Fall 2020

Slides

Mid-Semester-1 Presentation Slides (Sensitive, tend not to publish)

Mid-Semester-2 Presentation Slides (Sensitive, tend not to publish)

Final Presentation Slides (Sensitive, tend not to publish)

Videos

Final Presentation Video (Sensitive, tend not to publish)

Method

Our proposed pipeline mainly consists of two modules, geometric manipulation module and semantic manipulation module. The geometric manipulation module warps the feature maps of input image guided by estimated 3D geometry. In this way, artifacts are reduced by moving the manipulation from image space to feature space. The 3D geometry introduced here helps handle extreme head pose and lightning condition. The warped feature maps are then fed to semantic manipulation module which synthesizes information that was not the input image.

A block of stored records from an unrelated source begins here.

(* Let $\mathcal{X}$ and $\mathcal{S}(\beta)$ be as defined in the context, let $\alpha\in(0,1)$, and let $\theta=\lfloor\alpha|H_K|\rfloor$. Assume the minimum $$\beta^*=\min\{\beta\ge0:\ \exists (x,\underline d,y)\in\mathcal{S}(\beta)\text{ with }\|y\|_0\le\theta\}$$ exists. For $\Theta\ge0$ let (P$_\Theta$) be the linear program of maximizing $\underline d$ over $(x,\underline d,y)\in\mathcal{X}$ subject to the budget constraint $\sum_{v\in H_K}y_v\le\Theta$, and assume (P$_\Theta$) has an optimal solution for the values of $\Theta$ below. Let $\lambda_u\ge0$ be an optimal dual variable (Lagrange multiplier) of the budget constraint in (P$_0$), and, for $\epsilon>0$, let $\lambda_l\ge0$ be an optimal dual variable of the budget constraint in (P$_\Theta$) with $\Theta=\theta(\hat d_K-\bar d_K)+\epsilon$. Then $\lambda_l\le\beta^*\le\lambda_u$.
   Context: Setting: $[m]=T\cup H_1\cup\dots\cup H_K$ is a disjoint partition with $T\ne\emptyset$; $D\in\mathbb{R}^{m\times n}$ is entrywise nonnegative and $d_v(x)=\sum_i D_{vi}x_i$; $\mu>1$; $\bar d_1,\dots,\bar d_K$ and $\hat d_K>\bar d_K$ are real; $\underline\phi_v,\bar\phi_v\in[0,1]$ ($v\in T$) and $\gamma_{uv}\ge0$ are given constants. $\mathcal{X}$ is the set of $(x,\underline d,y)\in\mathbb{R}^n_+\times\mathbb{R}\times\mathbb{R}^{H_K}_+$ satisfying: $\underline\phi_v d_v(x)\ge\underline d$ ($v\in T$); $\bar\phi_v d_v(x)-\mu\max\{\bar\phi_v-\gamma_{vu},\underline\phi_u\}d_u(x)\le0$ and $\min\{\underline\phi_u+\gamma_{vu},\bar\phi_v\}d_v(x)-\mu\underline\phi_u d_u(x)\le0$ ($u\ne v\in T$); $d_v(x)\le\bar d_k$ ($k\in[K-1]$, $v\in H_k$); $d_v(x)-y_v\le\bar d_K$ and $y_v\le\hat d_K-\bar d_K$ ($v\in H_K$). For $\beta\ge0$, $\mathcal{S}(\beta)=\arg\max\{\underline d-\beta\sum_{v\in H_K}y_v:(x,\underline d,y)\in\mathcal{X}\}$. $\|y\|_0$ is the number of nonzero components of $y$. An optimal dual variable $\lambda\ge0$ of the budget constraint in (P$_\Theta$) means $\lambda\Theta+\max_{\mathcal{X}}\{\underline d-\lambda\sum_{v}y_v\}=\min_{\beta\ge0}\big(\beta\Theta+\max_{\mathcal{X}}\{\underline d-\beta\sum_v y_v\}\big)$ equals the optimal value of (P$_\Theta$). *)

theory Defs
  imports Main "HOL.Real"
begin

text \<open>A point of the feasible set is a triple (x, dl, y) with x : 'i \<Rightarrow> real,
  dl : real, and y : 'v \<Rightarrow> real, where y is supported on H K (an element of R^(H_K)).\<close>

definition dval :: "('v \<Rightarrow> 'i::finite \<Rightarrow> real) \<Rightarrow> ('i \<Rightarrow> real) \<Rightarrow> 'v \<Rightarrow> real" where
  "dval D x v = (\<Sum>i\<in>UNIV. D v i * x i)"

definition Xset ::
  "'v set \<Rightarrow> (nat \<Rightarrow> 'v set) \<Rightarrow> nat \<Rightarrow> ('v \<Rightarrow> 'i::finite \<Rightarrow> real) \<Rightarrow> real
   \<Rightarrow> (nat \<Rightarrow> real) \<Rightarrow> real \<Rightarrow> ('v \<Rightarrow> real) \<Rightarrow> ('v \<Rightarrow> real) \<Rightarrow> ('v \<Rightarrow> 'v \<Rightarrow> real)
   \<Rightarrow> (('i \<Rightarrow> real) \<times> real \<times> ('v \<Rightarrow> real)) set" where
  "Xset T H K D \<mu> dbar dhat phil phiu \<gamma> =
    {(x, dl, y). (\<forall>i. x i \<ge> 0)
      \<and> (\<forall>v. v \<notin> H K \<longrightarrow> y v = 0)
      \<and> (\<forall>v\<in>H K. y v \<ge> 0)
      \<and> (\<forall>v\<in>T. phil v * dval D x v \<ge> dl)
      \<and> (\<forall>u\<in>T. \<forall>v\<in>T. u \<noteq> v \<longrightarrow>
            phiu v * dval D x v - \<mu> * max (phiu v - \<gamma> v u) (phil u) * dval D x u \<le> 0
          \<and> min (phil u + \<gamma> v u) (phiu v) * dval D x v - \<mu> * phil u * dval D x u \<le> 0)
      \<and> (\<forall>k\<in>{1..<K}. \<forall>v\<in>H k. dval D x v \<le> dbar k)
      \<and> (\<forall>v\<in>H K. dval D x v - y v \<le> dbar K \<and> y v \<le> dhat - dbar K)}"

definition pobj :: "'v set \<Rightarrow> real \<Rightarrow> ('i \<Rightarrow> real) \<times> real \<times> ('v \<Rightarrow> real) \<Rightarrow> real" where
  "pobj HK \<beta> p = (case p of (x, dl, y) \<Rightarrow> dl - \<beta> * (\<Sum>v\<in>HK. y v))"

definition Sset :: "'a set \<Rightarrow> ('a \<Rightarrow> real) \<Rightarrow> 'a set" where
  "Sset X f = {p \<in> X. \<forall>q\<in>X. f q \<le> f p}"

definition norm0 :: "'v set \<Rightarrow> ('v \<Rightarrow> real) \<Rightarrow> nat" where
  "norm0 HK y = card {v\<in>HK. y v \<noteq> 0}"

definition optP :: "'v set \<Rightarrow> (('i \<Rightarrow> real) \<times> real \<times> ('v \<Rightarrow> real)) set \<Rightarrow> real
    \<Rightarrow> ('i \<Rightarrow> real) \<times> real \<times> ('v \<Rightarrow> real) \<Rightarrow> bool" where
  "optP HK X \<Theta> p \<longleftrightarrow> p \<in> X \<and> (\<Sum>v\<in>HK. snd (snd p) v) \<le> \<Theta>
     \<and> (\<forall>q\<in>X. (\<Sum>v\<in>HK. snd (snd q) v) \<le> \<Theta> \<longrightarrow> fst (snd q) \<le> fst (snd p))"

text \<open>lam is an optimal dual variable of the budget constraint of (P_Theta):
  lam \<ge> 0, the maximum M of the penalized objective with beta = lam over X is attained,
  lam*Theta + M is \<le> beta*Theta + sup_X (penalized objective with beta) for every beta \<ge> 0
  (i.e. lam attains the minimum over beta \<ge> 0), and lam*Theta + M equals the optimal value
  of (P_Theta).\<close>
definition opt_dual :: "'v set \<Rightarrow> (('i \<Rightarrow> real) \<times> real \<times> ('v \<Rightarrow> real)) set \<Rightarrow> real \<Rightarrow> real \<Rightarrow> bool" where
  "opt_dual HK X \<Theta> lam \<longleftrightarrow> lam \<ge> 0 \<and>
     (\<exists>p\<in>Sset X (pobj HK lam).
        (\<forall>\<beta>\<ge>0. \<forall>e>0. \<exists>q\<in>X. lam * \<Theta> + pobj HK lam p - e \<le> \<beta> * \<Theta> + pobj HK \<beta> q)
      \<and> (\<exists>s. optP HK X \<Theta> s \<and> lam * \<Theta> + pobj HK lam p = fst (snd s)))"

end

theory Submission
  imports Defs
begin

text \<open>Both bounds compare the Lagrangian of the budget constraint at two multipliers.
  If a maximiser for beta* spends strictly less than the budget Theta (true for
  Theta = theta (dhat - dbar K) + eps, since at most theta components of y are nonzero
  and each is at most dhat - dbar K), then the dual function at lambda exceeds the one
  at beta* by at least (lambda - beta*)(Theta - sum y), so optimality of lambda_l forces
  lambda_l \<le> beta*. For Theta = 0, strong duality turns the optimal solution of (P_0),
  whose y vanishes, into a maximiser for lambda_u with no nonzero component of y, so
  beta* \<le> lambda_u by minimality of beta*.\<close>

lemma pobj_simp [simp]: "pobj HK \<beta> (x, dl, y) = dl - \<beta> * (\<Sum>v\<in>HK. y v)"
  by (simp add: pobj_def)

lemma sum_le_norm0_mult:
  fixes y :: "'v \<Rightarrow> real"
  assumes "finite A" "\<forall>v\<in>A. y v \<le> c"
  shows "(\<Sum>v\<in>A. y v) \<le> real (norm0 A y) * c"
proof -
  have "(\<Sum>v\<in>A. y v) = (\<Sum>v\<in>{v\<in>A. y v \<noteq> 0}. y v)"
    by (rule sum.mono_neutral_left[symmetric]) (use assms in auto)
  also have "\<dots> \<le> real (card {v\<in>A. y v \<noteq> 0}) * c"
    by (rule sum_bounded_above) (use assms in auto)
  finally show ?thesis by (simp add: norm0_def)
qed

lemma Xset_slack_bounds:
  assumes "(x, dl, y) \<in> Xset T H K D \<mu> dbar dhat phil phiu \<gamma>" "v \<in> H K"
  shows "0 \<le> y v" "y v \<le> dhat - dbar K"
  using assms unfolding Xset_def by auto

lemma opt_dual_le_if_maximiser_under_budget:
  assumes dual: "opt_dual HK X \<Theta> lam"
    and "\<beta> \<ge> 0" and max\<beta>: "(x, dl, y) \<in> Sset X (pobj HK \<beta>)"
    and under: "(\<Sum>v\<in>HK. y v) < \<Theta>"
  shows "lam \<le> \<beta>"
proof (rule ccontr)
  assume "\<not> lam \<le> \<beta>"
  define gap where "gap = (lam - \<beta>) * (\<Theta> - (\<Sum>v\<in>HK. y v))"
  have "gap > 0" unfolding gap_def using \<open>\<not> lam \<le> \<beta>\<close> under by simp
  obtain p where maxlam: "p \<in> Sset X (pobj HK lam)"
    and dual_min: "\<forall>\<beta>\<ge>0. \<forall>e>0. \<exists>q\<in>X. lam * \<Theta> + pobj HK lam p - e \<le> \<beta> * \<Theta> + pobj HK \<beta> q"
    using dual unfolding opt_dual_def by blast
  obtain q where "q \<in> X" and q: "lam * \<Theta> + pobj HK lam p - gap / 2 \<le> \<beta> * \<Theta> + pobj HK \<beta> q"
    using dual_min \<open>\<beta> \<ge> 0\<close> \<open>gap > 0\<close> by (meson half_gt_zero)
  have "(x, dl, y) \<in> X" using max\<beta> unfolding Sset_def by auto
  then have "pobj HK lam (x, dl, y) \<le> pobj HK lam p"
    using maxlam unfolding Sset_def by auto
  moreover have "pobj HK \<beta> q \<le> pobj HK \<beta> (x, dl, y)"
    using max\<beta> \<open>q \<in> X\<close> unfolding Sset_def by auto
  ultimately have "lam * \<Theta> + pobj HK lam (x, dl, y) - gap / 2 \<le> \<beta> * \<Theta> + pobj HK \<beta> (x, dl, y)"
    using q by linarith
  then have "(lam - \<beta>) * (\<Theta> - (\<Sum>v\<in>HK. y v)) \<le> gap / 2" by (simp add: algebra_simps)
  with \<open>gap > 0\<close> show False unfolding gap_def by linarith
qed

lemma opt_dual_zero_budget_maximiser:
  assumes dual: "opt_dual HK X 0 lam" and "finite HK"
    and nonneg: "\<And>x dl y v. (x, dl, y) \<in> X \<Longrightarrow> v \<in> HK \<Longrightarrow> 0 \<le> y v"
  shows "\<exists>s\<in>Sset X (pobj HK lam). norm0 HK (snd (snd s)) = 0"
proof -
  obtain p s where maxlam: "p \<in> Sset X (pobj HK lam)" and "optP HK X 0 s"
    and strong: "pobj HK lam p = fst (snd s)"
    using dual unfolding opt_dual_def by auto
  obtain x dl y where s: "s = (x, dl, y)" by (cases s) auto
  have "s \<in> X" and "(\<Sum>v\<in>HK. y v) \<le> 0"
    using \<open>optP HK X 0 s\<close> s unfolding optP_def by auto
  moreover have "\<forall>v\<in>HK. 0 \<le> y v" using nonneg \<open>s \<in> X\<close> s by blast
  ultimately have y0: "\<forall>v\<in>HK. y v = 0"
    using sum_nonneg_eq_0_iff[OF \<open>finite HK\<close>, of y] sum_nonneg[of HK y] by auto
  have "pobj HK lam s = pobj HK lam p" using strong s y0 by simp
  then have "s \<in> Sset X (pobj HK lam)"
    using maxlam \<open>s \<in> X\<close> unfolding Sset_def by auto
  moreover have "norm0 HK (snd (snd s)) = 0"
    unfolding s norm0_def using y0 by (metis (mono_tags, lifting) card.empty empty_Collect_eq snd_conv)
  ultimately show ?thesis by blast
qed

theorem lemmaB1:
  fixes T :: "'v::finite set" and H :: "nat \<Rightarrow> 'v set" and K :: nat
    and D :: "'v \<Rightarrow> 'i::finite \<Rightarrow> real" and \<mu> :: real
    and dbar :: "nat \<Rightarrow> real" and dhat :: real
    and phil phiu :: "'v \<Rightarrow> real" and \<gamma> :: "'v \<Rightarrow> 'v \<Rightarrow> real"
    and \<alpha> \<epsilon> \<beta>star lam_u lam_l :: real and \<theta> :: nat
  defines "X \<equiv> Xset T H K D \<mu> dbar dhat phil phiu \<gamma>"
  assumes K: "K \<ge> 1"
    and partition: "T \<union> (\<Union>k\<in>{1..K}. H k) = UNIV"
    and disjT: "\<forall>k\<in>{1..K}. T \<inter> H k = {}"
    and disjH: "\<forall>k\<in>{1..K}. \<forall>l\<in>{1..K}. k \<noteq> l \<longrightarrow> H k \<inter> H l = {}"
    and Tne: "T \<noteq> {}"
    and Dnn: "\<forall>v i. D v i \<ge> 0"
    and mu: "\<mu> > 1"
    and dhat: "dhat > dbar K"
    and phil: "\<forall>v\<in>T. 0 \<le> phil v \<and> phil v \<le> 1"
    and phiu: "\<forall>v\<in>T. 0 \<le> phiu v \<and> phiu v \<le> 1"
    and gamma: "\<forall>u v. \<gamma> u v \<ge> 0"
    and alpha: "0 < \<alpha>" "\<alpha> < 1"
    and theta: "\<theta> = nat \<lfloor>\<alpha> * real (card (H K))\<rfloor>"
    and bstar_in: "\<beta>star \<ge> 0 \<and> (\<exists>p\<in>Sset X (pobj (H K) \<beta>star). norm0 (H K) (snd (snd p)) \<le> \<theta>)"
    and bstar_min: "\<forall>\<beta>\<ge>0. (\<exists>p\<in>Sset X (pobj (H K) \<beta>). norm0 (H K) (snd (snd p)) \<le> \<theta>)
                       \<longrightarrow> \<beta>star \<le> \<beta>"
    and eps: "\<epsilon> > 0"
    and P0: "\<exists>p. optP (H K) X 0 p"
    and PTh: "\<exists>p. optP (H K) X (real \<theta> * (dhat - dbar K) + \<epsilon>) p"
    and lu: "opt_dual (H K) X 0 lam_u"
    and ll: "opt_dual (H K) X (real \<theta> * (dhat - dbar K) + \<epsilon>) lam_l"
  shows "lam_l \<le> \<beta>star \<and> \<beta>star \<le> lam_u"
proof
  obtain x dl y where max\<beta>star: "(x, dl, y) \<in> Sset X (pobj (H K) \<beta>star)"
    and sparse: "norm0 (H K) y \<le> \<theta>"
    using bstar_in by fastforce
  have "(x, dl, y) \<in> X" using max\<beta>star unfolding Sset_def by auto
  then have "(\<Sum>v\<in>H K. y v) \<le> real (norm0 (H K) y) * (dhat - dbar K)"
    using Xset_slack_bounds(2) unfolding X_def by (intro sum_le_norm0_mult) auto
  also have "\<dots> \<le> real \<theta> * (dhat - dbar K)"
    using sparse dhat by (intro mult_right_mono) auto
  finally have "(\<Sum>v\<in>H K. y v) < real \<theta> * (dhat - dbar K) + \<epsilon>" using eps by linarith
  then show "lam_l \<le> \<beta>star"
    using opt_dual_le_if_maximiser_under_budget[OF ll _ max\<beta>star] bstar_in by blast
next
  have "\<exists>s\<in>Sset X (pobj (H K) lam_u). norm0 (H K) (snd (snd s)) = 0"
    using lu Xset_slack_bounds(1) unfolding X_def
    by (intro opt_dual_zero_budget_maximiser) auto
  moreover have "lam_u \<ge> 0" using lu unfolding opt_dual_def by simp
  ultimately show "\<beta>star \<le> lam_u" using bstar_min by fastforce
qed

end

Geometric Manipulation Module

Figure 1. Geometric Manipulation Module.

As shown in Figure 1, given an input image and the FACS code of driving image as target expression, we first feed the input image into CNN encoder to extract its feature map. We also estimate the 3D geometry of the input image, which is later sent to the 3D geometry module to output an estimated 3D geometry of target image conditioned on target FACS code. Then we calculated an optical flow between input image and target image according to their estimated 3D geometry. Finally this optical flow is used to warp the feature map of input image.

Semantic Manipulation Module

Figure 2. Semantic Manipulation Module.

Besides the estimated 3D geometry of target image, the 3D geometry module also outputs an inpainting mask which synthesizes information that was not the input image and locates areas that need to be inpainted (e.g. wrinkles and teeth). The Semantic Manipulation Module first masks the warped feature map with inpainting mask and then fuses this masked feature map with target FACS code. After fusing, the feature map is fed to an CNN decoder to get the generated image.

Supervision

Our final loss function is the combination of perceptual loss, geometry loss and GAN loss as shown below. I denotes image, P denotes 3D geometry, D denoted discriminator.

Qualitative illustration

Figure 3. An illustration of how each part of the pipeline works. The columns from left to right are bar chart of source FACS and target FACS, input image, input estimated 3D geometry, driving image, driving estimated 3D geometry, manipulated (estimated target)3D geometry, optical flow, image after warping, image after fusing, image after inpainting (final generated image), inpainting mask.

Individual AU Editing result

Figure 4. Individual AU editing examples. Each time we change the intensity of only one AU in the target expression while keeping the others the same.

Qualitative comparison with GANimation

Figure 5. Qualitative comparison examples with GANimation. Our model generate images with less artifacts and more robust to head pose changes.

Project Overview

Semantic Facial Image Manipulation is a conditional generation task. The goal is to synthesize a facial image conditioned on both identity and target expression (In our settings, identity information is provided as a 2D image and target expression is provided as a FACS code).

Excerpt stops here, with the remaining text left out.